Tim was also my instructor for the 90-minute flight appraisal. This 16,000 hour helicopter veteran has been working with Robinson for over 25 years and he actually bought the first production R22 from Frank. The man is cool – so cool I could swear that he was using his eyelids to control the helicopter, such was the fine control he exhibited. He put me through my paces – and I particularly enjoyed the Maximum Glide autos. Using 90 kts and 90% rotor rpm, we glided effortlessly along the length of Long Beach Harbour – the main concern is that you do the entire exercise with the low rpm horn blaring. Then we did some more standard autos – but this time into one of 3 practise pads at Long Beach airport. This full-on commercial field has 10 runways, with 3 always active.

And Tim emphasised another current Robinson mantra – low speed approaches are best. They have evidence that high speed approaches are causing accidents – big control inputs at the bottom are causing instability and big flares are taking off tail rotors.

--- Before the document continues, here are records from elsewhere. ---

(* Let $n\ge 2$ be an integer and $A\subseteq L_n$. Then: (a) $(X_n,\tau(A))$ is perfect if and only if $A$ is a $G_\delta$-set in $(L_n,\tau_E|_{L_n})$; (b) $(X_n,\tau(A))$ is Lindelöf if and only if $L_n\setminus A$ does not contain a closed uncountable subset of $(L_n,\tau_E|_{L_n})$; (c) $(X_n,\tau(A))$ is $\sigma$-compact if and only if $A$ is an $F_\sigma$-set in $(L_n,\tau_E|_{L_n})$ and $|L_n\setminus A|\le\aleph_0$.
   Context: For $\overline{x},\overline{a}\in\mathbb R^n$ let $|\overline{x}-\overline{a}|$ be the Euclidean distance and $B(\overline{a},\epsilon)=\{\overline{x}\in\mathbb R^n:|\overline{x}-\overline{a}|<\epsilon\}$. Let $P_n=\{\overline{x}\in\mathbb R^n: x_n>0\}$, $L_n=\{\overline{x}\in\mathbb R^n: x_n=0\}$, $X_n=P_n\cup L_n$, and let $\tau_E$ denote the Euclidean topology on $X_n$ (so $(L_n,\tau_E|_{L_n})\cong\mathbb R^{n-1}$). For $\overline{a}\in L_n$ and $\epsilon>0$ put $\overline{a(\epsilon)}=(a_1,\dots,a_{n-1},\epsilon)$ and $\tilde B(\overline{a},\epsilon)=\{\overline{a}\}\cup B(\overline{a(\epsilon)},\epsilon)$. For $A\subseteq L_n$, the topology $\tau(A)$ on $X_n$ is generated by the local bases: at $\overline{a}\in P_n$, the sets $B(\overline{a},\epsilon)$ with $0<\epsilon<a_n$; at $\overline{a}\in A$, the sets $B(\overline{a},\epsilon)\cap X_n$ with $\epsilon>0$; at $\overline{a}\in L_n\setminus A$, the sets $\tilde B(\overline{a},\epsilon)$ with $\epsilon>0$. A space is perfect if every closed set is a $G_\delta$-set. *)

theory Defs
  imports "HOL-Analysis.Analysis"
begin

text \<open>Points of R^n are modelled as pairs (u, t) :: (real^'m) \<times> real, where u collects the
  first n-1 coordinates and t is the last coordinate x_n; thus n = CARD('m) + 1 \<ge> 2.
  The metric on the product type is the Euclidean one (dist_Pair_Pair).\<close>

definition Pn :: "((real^'m) \<times> real) set" where
  "Pn = {p. snd p > 0}"

definition Ln :: "((real^'m) \<times> real) set" where
  "Ln = {p. snd p = 0}"

definition Xn :: "((real^'m) \<times> real) set" where
  "Xn = Pn \<union> Ln"

definition tball :: "(real^'m) \<times> real \<Rightarrow> real \<Rightarrow> ((real^'m) \<times> real) set" where
  "tball a e = insert a (ball (fst a, e) e)"

definition nbhd :: "((real^'m) \<times> real) set \<Rightarrow> (real^'m) \<times> real \<Rightarrow> real \<Rightarrow> ((real^'m) \<times> real) set" where
  "nbhd A a e = (if a \<in> Pn then ball a e
                  else if a \<in> A then ball a e \<inter> Xn
                  else tball a e)"

definition admissible :: "(real^'m) \<times> real \<Rightarrow> real \<Rightarrow> bool" where
  "admissible a e \<longleftrightarrow> e > 0 \<and> (a \<in> Pn \<longrightarrow> e < snd a)"
theorem theorem3p3:
  fixes V :: "'a set" and E :: "('a \<times> 'a) set"
    and VP :: "'b set" and EP :: "('b \<times> 'b) set" and org :: "'b \<Rightarrow> 'a"
    and k :: nat and \<sigma> :: "('a, 'b) cop_strategy"
  assumes "finite V" and "E \<subseteq> V \<times> V"
    and "valid_dag_decomp V E VP EP org"
    and "dag_depth VP EP = k"
    and "strategy_based_on VP EP org \<sigma>"
  shows "winning_with_at_most V E org \<sigma> k"
proof -
  have dag: "is_dag VP EP" using assms(3) unfolding valid_dag_decomp_def by blast
  show ?thesis
    unfolding winning_with_at_most_def
    using based_strategy_moves_until_caught[OF assms(3,5)]
      based_strategy_no_infinite_play[OF dag assms(5)]
      based_strategy_cops_le_depth[OF dag assms(5)] assms(4)
    by blast
qed

end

Maintenance was lectured by Robinson’s engineering whiz Pat Cox. Again, the attention to detail was astonishing. And space does not permit full disclosure – but Pat held court on such issues as hangar-rash (a big and expensive problem) and overspeeds. Some excellent demo trolleys of Robinson systems helped explain hydraulics and clutch mechanisms – and several trolley loads of bent bits hammered home the major issues such as mast-bumping and bad magneto maintenance.

In summary – you can’t even get an hour’s self-fly hire in the UK for the price Robinson charges for this course. No brainer – do it. Tip – combine it with a holiday and arrive in California a few days before the course. Jet lag and lectures don’t always mix – but the endless supply of coffee and donuts (and some great lunches) helps!
headsethair is offline  
Old 17th Sep 2003, 05:10
  #79 (permalink)  
Join Date: May 2001
Location: London
Posts: 528
Fascinating, headsethair, thanks for that. I would say, though, that 'high hover' is not a new mantra. Frank was banging on about it when I did the course nearly ten years ago.
I think (I may be wrong) that Frank used to advocate the 'hockey-stick' approach, keeping the speed on to stay out of the avoid curve. Perhaps there's been a change of mind there.
Most fascinating of all - 55% of accidents happen with an instructor on board. That really reinforces the nature of the work the R22 does.
t'aint natural is offline  
Old 19th Sep 2003, 08:29
  #80 (permalink)  
Join Date: Sep 2003
Location: Region 5 / Region 4 / and sometimes Region 8?
Posts: 83
Headsethair, I whole heartedly agree with your assessment of the course. VERY informative... (and great promotional machine for robinson esp. the factory tour!!)

Your post inspired me to go through my notes where I found this quote...

We've never had a blade come through the cockpit in a survivable accident.

We all knew what he meant (situation not survivable before blade ever reached the cockpit) but it's still a great quote.